Well we should have more information really soon, as Valve and AMD will present "glNext" at the GDC next month.
 
I thought DX12 was long in development, before Mantle and AMD was able to develop that in the interim with some of the features that they already knew about DX12 from being partners?

So much goes on behind the scenes of API development that I'm not sure we will know the full story, or if given the number of players and viewpoints we can.
It could very well be that there was some kind of iteration on DX being worked on by stakeholders. There would have been multiple visions on where it would be taken, and we have a long history of sub-versioning of DX and rumored late-stage regressions in featuresets that hint at the difficulty in resolving conflicts when different vendors either lack hardware capability now--and you can ill afford to abandon significant players, or are at odds over what direction the future should take.
A lot of things can be done to shift things one way or another, and each party can cite their fraction of the overall story to justify their desired narrative.
 
I'm not sure if it's going to be implemented in PS4 vs their GNM/GNM+ or if it'll impact their own development, but they do support openGL today, so it would make sense to.
I'd be surprised if an additional API found it's way only PS4. I don't even believe PS4 support OpenGL ES (unlike PS3) and they only reason Sony would add a third is if it's widely used already. It'll probably take a while to gain traction and unlike PS3, I've read zero complaints about PS4 (or specifically the GNM/GNMX APIs) being difficult to work with or adapt too.
 
Try for example to change your scissor rectangle between every draw call and check the CU occupancy (hint: it's not going to look pretty).

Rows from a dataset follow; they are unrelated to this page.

(* For $n\ge 1$, $$\sum_{\pi\in\mathfrak{S}_n}q^{{\rm altmaj}(\pi)}=\widehat{E}_n(q)\prod_{k=1}^{\lfloor\log_2 n\rfloor}\prod_{i=1}^{\lfloor n/2^k \rfloor}(1+q^i),$$ where $\widehat{E}_n(q)$ is a palindromic polynomial in $\mathbb{Z}[q]$ whose constant term is the Euler number $E_n$.
   Context: $\mathfrak{S}_n$ is the set of permutations $\pi=\pi_1\cdots\pi_n$ of $\{1,\dots,n\}$. The alternating descent set is $\widehat{D}(\pi)=\{2i:\pi_{2i}<\pi_{2i+1}\}\cup\{2i+1:\pi_{2i+1}>\pi_{2i+2}\}$ (indices in $\{1,\dots,n-1\}$), and the alternating major index is ${\rm altmaj}(\pi)=\sum_{i\in\widehat{D}(\pi)}i$. The Euler number $E_n$ is the number of down-up permutations $\pi\in\mathfrak{S}_n$, i.e. $\pi_1>\pi_2<\pi_3>\pi_4<\cdots$. A polynomial $f$ of degree $d$ is palindromic if $f(q)=q^df(1/q)$. *)

theory Defs
  imports Complex_Main "HOL-Combinatorics.Permutations" "HOL-Computational_Algebra.Polynomial"
begin

(* A permutation pi of {1..n} is a function p with p permutes {1..n}; pi_i = p i. *)

definition alt_descent_set :: "nat \<Rightarrow> (nat \<Rightarrow> nat) \<Rightarrow> nat set" where
  "alt_descent_set n p =
     {i \<in> {1..n-1}. (even i \<and> p i < p (i+1)) \<or> (odd i \<and> p i > p (i+1))}"

definition altmaj :: "nat \<Rightarrow> (nat \<Rightarrow> nat) \<Rightarrow> nat" where
  "altmaj n p = (\<Sum>i\<in>alt_descent_set n p. i)"

definition down_up :: "nat \<Rightarrow> (nat \<Rightarrow> nat) \<Rightarrow> bool" where
  "down_up n p \<longleftrightarrow> (\<forall>i\<in>{1..n-1}. (odd i \<longrightarrow> p i > p (i+1)) \<and> (even i \<longrightarrow> p i < p (i+1)))"

definition euler_number :: "nat \<Rightarrow> nat" where
  "euler_number n = card {p. p permutes {1..n} \<and> down_up n p}"

definition palindromic :: "'a::zero poly \<Rightarrow> bool" where
  "palindromic f \<longleftrightarrow> (\<forall>i\<le>degree f. coeff f i = coeff f (degree f - i))"

end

It depends if it's because of driver behaviour or rasterizer itself. I would still bet on driver here.
Although it could also be rasterizer, we do know that rasterizer does some pretty non-obvious stuff there (cache misses because of scan order anyone?).

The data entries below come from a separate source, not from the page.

lemma ps_const_add: "ps_const a \<oplus>\<^bsub>P\<^esub> ps_const b = ps_const (a + b)"
  by (simp add: ps_const_eq ps_poly_add)

lemma ps_const_zero: "ps_const 0 = \<zero>\<^bsub>P\<^esub>"
  by (simp add: ps_const_eq ps_poly_zero)

lemma ps_poly_smult_add:
  "x \<in> carrier M \<Longrightarrow> ps_poly p \<odot>\<^bsub>M\<^esub> x \<oplus>\<^bsub>M\<^esub> ps_poly q \<odot>\<^bsub>M\<^esub> x = ps_poly (p + q) \<odot>\<^bsub>M\<^esub> x"
  by (simp add: smult_l_distr[symmetric] ps_poly_add)

lemma ps_poly_smult_smult:
  "x \<in> carrier M \<Longrightarrow> ps_poly p \<odot>\<^bsub>M\<^esub> (ps_poly q \<odot>\<^bsub>M\<^esub> x) = ps_poly (p * q) \<odot>\<^bsub>M\<^esub> x"
  by (simp add: smult_assoc1[symmetric] ps_poly_mult)

lemma ps_poly_smult_zero: "x \<in> carrier M \<Longrightarrow> ps_poly 0 \<odot>\<^bsub>M\<^esub> x = \<zero>\<^bsub>M\<^esub>"
  by (simp add: ps_poly_zero)

lemma ps_poly_smult_one: "x \<in> carrier M \<Longrightarrow> ps_poly 1 \<odot>\<^bsub>M\<^esub> x = x"
  by (simp add: ps_poly_one)

lemma ps_poly_smult_uminus: "x \<in> carrier M \<Longrightarrow> ps_poly (- p) \<odot>\<^bsub>M\<^esub> x = \<ominus>\<^bsub>M\<^esub> (ps_poly p \<odot>\<^bsub>M\<^esub> x)"
  by (simp add: ps_poly_uminus smult_l_minus)

lemma ps_const_smult_add:
  "x \<in> carrier M \<Longrightarrow> ps_const a \<odot>\<^bsub>M\<^esub> x \<oplus>\<^bsub>M\<^esub> ps_const b \<odot>\<^bsub>M\<^esub> x = ps_const (a + b) \<odot>\<^bsub>M\<^esub> x"
  by (simp add: ps_const_eq ps_poly_smult_add)

lemma ps_const_smult_smult:
  "x \<in> carrier M \<Longrightarrow> ps_const a \<odot>\<^bsub>M\<^esub> (ps_const b \<odot>\<^bsub>M\<^esub> x) = ps_const (a * b) \<odot>\<^bsub>M\<^esub> x"
  by (simp add: ps_const_eq ps_poly_smult_smult mult.commute)

lemma ps_const_smult_zero: "x \<in> carrier M \<Longrightarrow> ps_const 0 \<odot>\<^bsub>M\<^esub> x = \<zero>\<^bsub>M\<^esub>"
  by (simp add: ps_const_eq ps_poly_smult_zero)

lemma ps_const_smult_one: "x \<in> carrier M \<Longrightarrow> ps_const 1 \<odot>\<^bsub>M\<^esub> x = x"
  by (simp add: ps_const_eq pCons_one ps_poly_smult_one)

lemma ps_const_smult_minus_one: "x \<in> carrier M \<Longrightarrow> ps_const (- 1) \<odot>\<^bsub>M\<^esub> x = \<ominus>\<^bsub>M\<^esub> x"
proof -
  have "[:- 1:] = - (1 :: 'k poly)" by (simp flip: pCons_one)
  then show "x \<in> carrier M \<Longrightarrow> ?thesis"
    by (simp add: ps_const_eq ps_poly_smult_uminus ps_poly_smult_one)
qed

lemma finsum_P_apply:
  assumes "finite I" "f \<in> I \<rightarrow> carrier P"
  shows "finsum P f I = (\<lambda>\<alpha>. \<Sum>i\<in>I. f i \<alpha>)"
  using assms
proof (induction I rule: finite_induct)
  case (insert x F)
  then have "finsum P f (insert x F) = f x \<oplus>\<^bsub>P\<^esub> finsum P f F"
    by (intro R.finsum_insert) auto
  then show ?case using insert by (simp add: PS_simps)
qed (simp add: PS_simps)

lemma ps_decomposition:
  assumes "p \<in> carrier P"
  shows "p = ps_poly (p exp0) \<oplus>\<^bsub>P\<^esub> (\<Oplus>\<^bsub>P\<^esub>i\<in>{..<s}. ps_var i \<otimes>\<^bsub>P\<^esub> ps_div_var s p i)"
proof
  fix \<alpha>
  have "ps_div_var s p i \<in> carrier P" for i by (simp add: PS_simps)
  then have summands: "(\<lambda>i. ps_var i \<otimes>\<^bsub>P\<^esub> ps_div_var s p i) \<in> {..<s} \<rightarrow> carrier P"
    using ps_var_in_carrier by auto
  have "p \<alpha> = ps_poly (p exp0) \<alpha> + (\<Sum>i<s. ps_mult s (ps_var i) (ps_div_var s p i) \<alpha>)"
    using assms by (intro ps_decomposition_apply) (simp add: PS_simps)
  also have "\<dots> = (ps_poly (p exp0) \<oplus>\<^bsub>P\<^esub> (\<Oplus>\<^bsub>P\<^esub>i\<in>{..<s}. ps_var i \<otimes>\<^bsub>P\<^esub> ps_div_var s p i)) \<alpha>"
    unfolding finsum_P_apply[OF finite_lessThan summands] by (simp add: PS_simps)
  finally show "p \<alpha> = (ps_poly (p exp0) \<oplus>\<^bsub>P\<^esub> (\<Oplus>\<^bsub>P\<^esub>i\<in>{..<s}. ps_var i \<otimes>\<^bsub>P\<^esub> ps_div_var s p i)) \<alpha>" .
qed

lemma one_minus_invertible:
  assumes "c \<in> carrier P" "c exp0 = 0"
  shows "\<exists>u\<in>carrier P. u \<otimes>\<^bsub>P\<^esub> (\<one>\<^bsub>P\<^esub> \<ominus>\<^bsub>P\<^esub> c) = \<one>\<^bsub>P\<^esub>"
proof
  show u: "ps_inverse_one_minus s c \<in> carrier P" by (simp add: PS_simps)
  have "\<one>\<^bsub>P\<^esub> \<ominus>\<^bsub>P\<^esub> c = (\<lambda>\<alpha>. ps_poly 1 \<alpha> - c \<alpha>)"
    using assms by (simp add: a_minus_def a_inv_P PS_simps)
  then have "(\<one>\<^bsub>P\<^esub> \<ominus>\<^bsub>P\<^esub> c) \<otimes>\<^bsub>P\<^esub> ps_inverse_one_minus s c = \<one>\<^bsub>P\<^esub>"
    using ps_mult_one_minus_inverse[of c s, OF assms(2)] by (simp add: PS_simps)
  then show "ps_inverse_one_minus s c \<otimes>\<^bsub>P\<^esub> (\<one>\<^bsub>P\<^esub> \<ominus>\<^bsub>P\<^esub> c) = \<one>\<^bsub>P\<^esub>"
    using u assms by (simp add: R.m_comm)
qed

lemma var_ideal_subset: "var_ideal \<subseteq> carrier P"
  by (auto simp: var_ideal_def)

lemma var_ideal_mult: "r \<in> carrier P \<Longrightarrow> c \<in> var_ideal \<Longrightarrow> r \<otimes>\<^bsub>P\<^esub> c \<in> var_ideal"
  using R.m_closed[of r c] by (auto simp: var_ideal_def PS_simps ps_mult_at_exp0)

lemma ps_var_in_var_ideal:
  assumes "i < s"
  shows "ps_var i \<in> var_ideal"
proof -
  have "unit_exp i i \<noteq> exp0 i" by (simp add: unit_exp_def)
  then have "unit_exp i \<noteq> exp0" by metis
  then show ?thesis using ps_var_in_carrier[OF assms] by (simp add: var_ideal_def ps_var_def)
qed

lemma submonoid_var_ideal: "submonoid var_ideal (add_monoid P)"
  by unfold_locales (auto simp: var_ideal_def ps_carrier_def PS_simps)

lemma submonoid_carrier: "submonoid (carrier P) (add_monoid P)"
  by unfold_locales auto

lemma submonoid_K_scalars: "submonoid K_scalars (add_monoid P)"
  by unfold_locales (auto simp: ps_const_add simp flip: ps_const_zero)

lemma submonoid_Kt_scalars: "submonoid Kt_scalars (add_monoid P)"
  by unfold_locales (auto simp: ps_poly_add ps_poly_zero[symmetric])

definition scalar_closed :: "((nat \<Rightarrow> nat) \<Rightarrow> 'k poly) set \<Rightarrow> 'm set \<Rightarrow> bool" where
  "scalar_closed C W \<longleftrightarrow> W \<subseteq> carrier M \<and> \<zero>\<^bsub>M\<^esub> \<in> W \<and> (\<forall>a\<in>W. \<forall>b\<in>W. a \<oplus>\<^bsub>M\<^esub> b \<in> W)
     \<and> (\<forall>r\<in>C. \<forall>a\<in>W. r \<odot>\<^bsub>M\<^esub> a \<in> W)"

abbreviation K_subspace :: "'m set \<Rightarrow> bool" where
  "K_subspace \<equiv> scalar_closed K_scalars"

abbreviation P_submodule :: "'m set \<Rightarrow> bool" where
  "P_submodule \<equiv> scalar_closed (carrier P)"

definition lin_span :: "((nat \<Rightarrow> nat) \<Rightarrow> 'k poly) set \<Rightarrow> 'm set \<Rightarrow> 'm set" where
  "lin_span C X = {\<Oplus>\<^bsub>M\<^esub>x\<in>X. c x \<odot>\<^bsub>M\<^esub> x | c. c \<in> X \<rightarrow> C}"

lemma scalar_closedD:
  assumes "scalar_closed C W"
  shows "W \<subseteq> carrier M" "\<zero>\<^bsub>M\<^esub> \<in> W" "\<And>a b. a \<in> W \<Longrightarrow> b \<in> W \<Longrightarrow> a \<oplus>\<^bsub>M\<^esub> b \<in> W"
    "\<And>r a. r \<in> C \<Longrightarrow> a \<in> W \<Longrightarrow> r \<odot>\<^bsub>M\<^esub> a \<in> W"
  using assms unfolding scalar_closed_def by auto

lemma scalar_closedI:
  assumes "W \<subseteq> carrier M" "\<zero>\<^bsub>M\<^esub> \<in> W" "\<And>a b. a \<in> W \<Longrightarrow> b \<in> W \<Longrightarrow> a \<oplus>\<^bsub>M\<^esub> b \<in> W"
    "\<And>r a. r \<in> C \<Longrightarrow> a \<in> W \<Longrightarrow> r \<odot>\<^bsub>M\<^esub> a \<in> W"
  shows "scalar_closed C W"
  using assms unfolding scalar_closed_def by auto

But ok, I concur, the FFP parts are still a problem, let's hope it will be removed soon.
 
A bit OT for this but glNext is Mantle(or a fork), so be interesting to watch all three and how close the performance is on console. Assuming glNext is used on the other console. Interesting stuff for sure, look forward to what it brings.
Is there actual source for this?
 
A couple of people have mentioned feeling sorry for AMD because of DX12. But I wonder if all of this actually plays into their hands and this was all a calculated risk. I've read that AMD's inferior CPU cores perform closer to Intel when programs are designed for more parallel computing. If Windows 10 does more to take advantage of that as well as DX12 wouldn't it make AMD APUs a very good purchase once they get more tablet and ultra book design wins. Especially since they should be able to get Windows free based on price under Microsoft's new program. Add the new single motherboard design and they could have some really cheap machines that would really push Intel if Carrizo or something later really hits good marks.